Dahlia, I don't want to be mean to anyone. I just didn't like someone taking what I sad out of context and flipping it around.
I did however realised that English is your second language, mine is too. My original country is not too far from yours.  Maybe our thoughts here are just lost in translation. 
I'm not vegan nor vegetarian. I love my steaks and bacon!
I don't mind animals dying as long as they are killed in humane way and serve their purpose as food.
I respect both sides and I do not judge. I joined this thread just because of general interest. I really don't know were I showed no respect to other's opinion. If I did I apologise.


----------



## MorpheusPA (Apr 24, 2015)

Not only do we kill the animal, I personally steal their wallet before I take the fat.

/mood lightening

In my case, there's no conflict.  I'm an omnivore who minimizes meat eating (it's been...four days I think since I had any meat or meat products).  But I still eat it.


----------



## kumudini (Apr 25, 2015)

not_ally said:


> One of the things that I like about this forum is that we can disagree about (eg) the use of animal fats without calling each other names.
> 
> Dahila, I love your style of writing, I think you do a great job of getting your point across!  V, if I were ever to be a vegan (not in this lifetime, I am afraid) you are the type  I would be.  I guess I just think that as long as there is a market for eating meat products - and really see the contra as being a long time in the future, if ever - it is not a morally improper choice to be as environmentally and socially conscious as possible using as much as we can of it.  ETA:  I have not gotten the idea that you *are* judging, either, just explaining your own choices.
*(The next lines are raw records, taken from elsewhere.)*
section \<open>The nonlinear boundary value problem\<close>

lemma graph_in_DMplus_iff:
  "(\<forall>t\<in>{0..1}. (t, u t, u1 t, u2 t) \<in> DMplus M0 M1 M2 sG sG1 M) \<longleftrightarrow>
    (\<forall>t\<in>{0..1}. 0 \<le> u t \<and> u t \<le> M0 * M \<and>
      0 \<le> sG * sG1 * u1 t \<and> sG * sG1 * u1 t \<le> M1 * M \<and> \<bar>u2 t\<bar> \<le> M2 * M)"
  by (auto simp: DMplus_def)

locale nonlinear_green_bvp = green_function_derivs +
  fixes f :: "real \<Rightarrow> real \<Rightarrow> real \<Rightarrow> real \<Rightarrow> real" and M L0 L1 L2 :: real
  assumes sign1: "const_sign G1"
    and M: "0 \<le> M" and L: "0 \<le> L0" "0 \<le> L1" "0 \<le> L2"
    and f_cont: "continuous_on (DMplus (Mnorm G) (Mnorm G1) (Mnorm G2) (sigma G) (sigma G1) M)
      (\<lambda>(t, x, y, z). f t x y z)"
    and f_bound: "\<And>t x y z. (t, x, y, z) \<in> DMplus (Mnorm G) (Mnorm G1) (Mnorm G2) (sigma G) (sigma G1) M
      \<Longrightarrow> 0 \<le> sigma G * f t x y z \<and> sigma G * f t x y z \<le> M"
    and f_lipschitz: "\<And>t x1 y1 z1 x2 y2 z2.
      (t, x1, y1, z1) \<in> DMplus (Mnorm G) (Mnorm G1) (Mnorm G2) (sigma G) (sigma G1) M \<Longrightarrow>
      (t, x2, y2, z2) \<in> DMplus (Mnorm G) (Mnorm G1) (Mnorm G2) (sigma G) (sigma G1) M \<Longrightarrow>
      \<bar>f t x2 y2 z2 - f t x1 y1 z1\<bar> \<le> L0 * \<bar>x2 - x1\<bar> + L1 * \<bar>y2 - y1\<bar> + L2 * \<bar>z2 - z1\<bar>"
    and contraction: "L0 * Mnorm G + L1 * Mnorm G1 + L2 * Mnorm G2 < 1"
begin

abbreviation DM :: "(real \<times> real \<times> real \<times> real) set" where
  "DM \<equiv> DMplus (Mnorm G) (Mnorm G1) (Mnorm G2) (sigma G) (sigma G1) M"

abbreviation rhs_range :: "real set" where
  "rhs_range \<equiv> {y. 0 \<le> sigma G * y \<and> sigma G * y \<le> M}"

abbreviation admissible :: "(real \<Rightarrow> real) set" where
  "admissible \<equiv> {\<phi>. continuous_on {0..1} \<phi> \<and> \<phi> ` {0..1} \<subseteq> rhs_range}"

definition rhs_op :: "(real \<Rightarrow> real) \<Rightarrow> real \<Rightarrow> real" where
  "rhs_op \<phi> t = f t (kernel_op G \<phi> t) (kernel_op G1 \<phi> t) (kernel_op G2 \<phi> t)"

lemma rhs_range_closed_bounded: "closed rhs_range" "bounded rhs_range" "rhs_range \<noteq> {}"
proof -
  have "rhs_range = closed_segment 0 (sigma G * M)"
    using sigma_cases[of G] M by (auto simp: closed_segment_eq_real_ivl)
  then show "closed rhs_range" "bounded rhs_range" "rhs_range \<noteq> {}"
    by (auto simp: bounded_closed_segment)
qed

lemma contraction_constant_nonneg: "0 \<le> L0 * Mnorm G + L1 * Mnorm G1 + L2 * Mnorm G2"
  using L Mnorm_green_kernels_nonneg by simp

lemma kernel_ops_in_DM:
  assumes "\<phi> \<in> admissible" "t \<in> {0..1}"
  shows "(t, kernel_op G \<phi> t, kernel_op G1 \<phi> t, kernel_op G2 \<phi> t) \<in> DM"
proof -
  have "0 \<le> sigma G * \<phi> s \<and> sigma G * \<phi> s \<le> M" if "s \<in> {0..1}" for s
    using assms(1) that by (auto simp: image_subset_iff)
  from kernel_op_green_kernels_bounds[OF sign1 _ this assms(2)] assms show ?thesis
    by (auto simp: DMplus_def)
qed

lemma f_along_graph_admissible:
  assumes "continuous_on {0..1} x" "continuous_on {0..1} y" "continuous_on {0..1} z"
    and graph: "\<And>t. t \<in> {0..1} \<Longrightarrow> (t, x t, y t, z t) \<in> DM"
  shows "(\<lambda>t. f t (x t) (y t) (z t)) \<in> admissible"
proof -
  have "continuous_on {0..1} (\<lambda>t. (t, x t, y t, z t))"
    using assms by (intro continuous_intros)
  then have "continuous_on {0..1} ((\<lambda>(t, x, y, z). f t x y z) \<circ> (\<lambda>t. (t, x t, y t, z t)))"
    by (rule continuous_on_compose[OF _ continuous_on_subset[OF f_cont]]) (use graph in auto)
  then show ?thesis
    using f_bound[OF graph] by (auto simp: comp_def)
qed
not_ally, after reading some threads about lard and tallow use, possibly being more ethical and responsible choice,I have actually considered using animal fat in soap. I just couldn't come to a decision. One can always say that since the animals are anyways being killed for meat we should use any and all by products to make their sacrifice worth while. I wish none were actually sacrificed. I know it's never going to happen, not in a thousand years. Could the meat industry become more humane? I doubt it. Could humans try not to waste the meats and other animal products? They can if they put their mind to, but that's not going to happen either. The whole meat industry and dairy industry and in general the food scene in the world has become such that there is no regard for life other than humans and their pets. It's no longer geared just towards feeding the hungry, has gone way beyond that. It's the 'might is right' kind of attitude. Fat is being used because it could be, I doubt if it was ethical concerns that started it. I have never driven the meat market. And I am not going to now. I used to bake a lot until I realized how those eggs and butter and the dairy cream are produced. So no more. I did finish up all dairy products and eggs that were in my home even after deciding to go vegan. That's I think as far as I could go about not letting things go to waste.
Just the kind of thoughts that go through vegetarian/ vegans minds. I hope I have not crossed any lines here. If I did, my humble request to mods, please delete it.


----------



## JayJay (Apr 25, 2015)

The Efficacious Gentleman said:


> Good points, all.
> 
> It stems as from the idea that, while we look at oils as oils, they are in fact made up of proportions of the same things to various degrees.  If you took lard and cocoa butter, broke them down in the the fatty acids and used it in a soap, there would be little difference.
> 
> I find that a jolly interesting idea and a jolly interesting way of looking at our soaps.



Aren't there unsaponifiables present in oils? I just assumed that whatever extra there is in an oil is what gives it its uniqueness.  This is my non-scientific, and inexperienced conceptualization.  

I used to be a vegetarian with a dairy allergy, which ended up looking a lot like veganism.  But my reasoning was less about avoiding contact with animal products more along the lines of not wanting to support certain "farming" practices. If the animal was raised outside, eating its own natural diet, being allowed to lead a normal life, then I was okay with the idea that it would be killed and eaten. It's the Food chain.  Now that I have more access to what I consider good meat. I am happy to eat it every day. 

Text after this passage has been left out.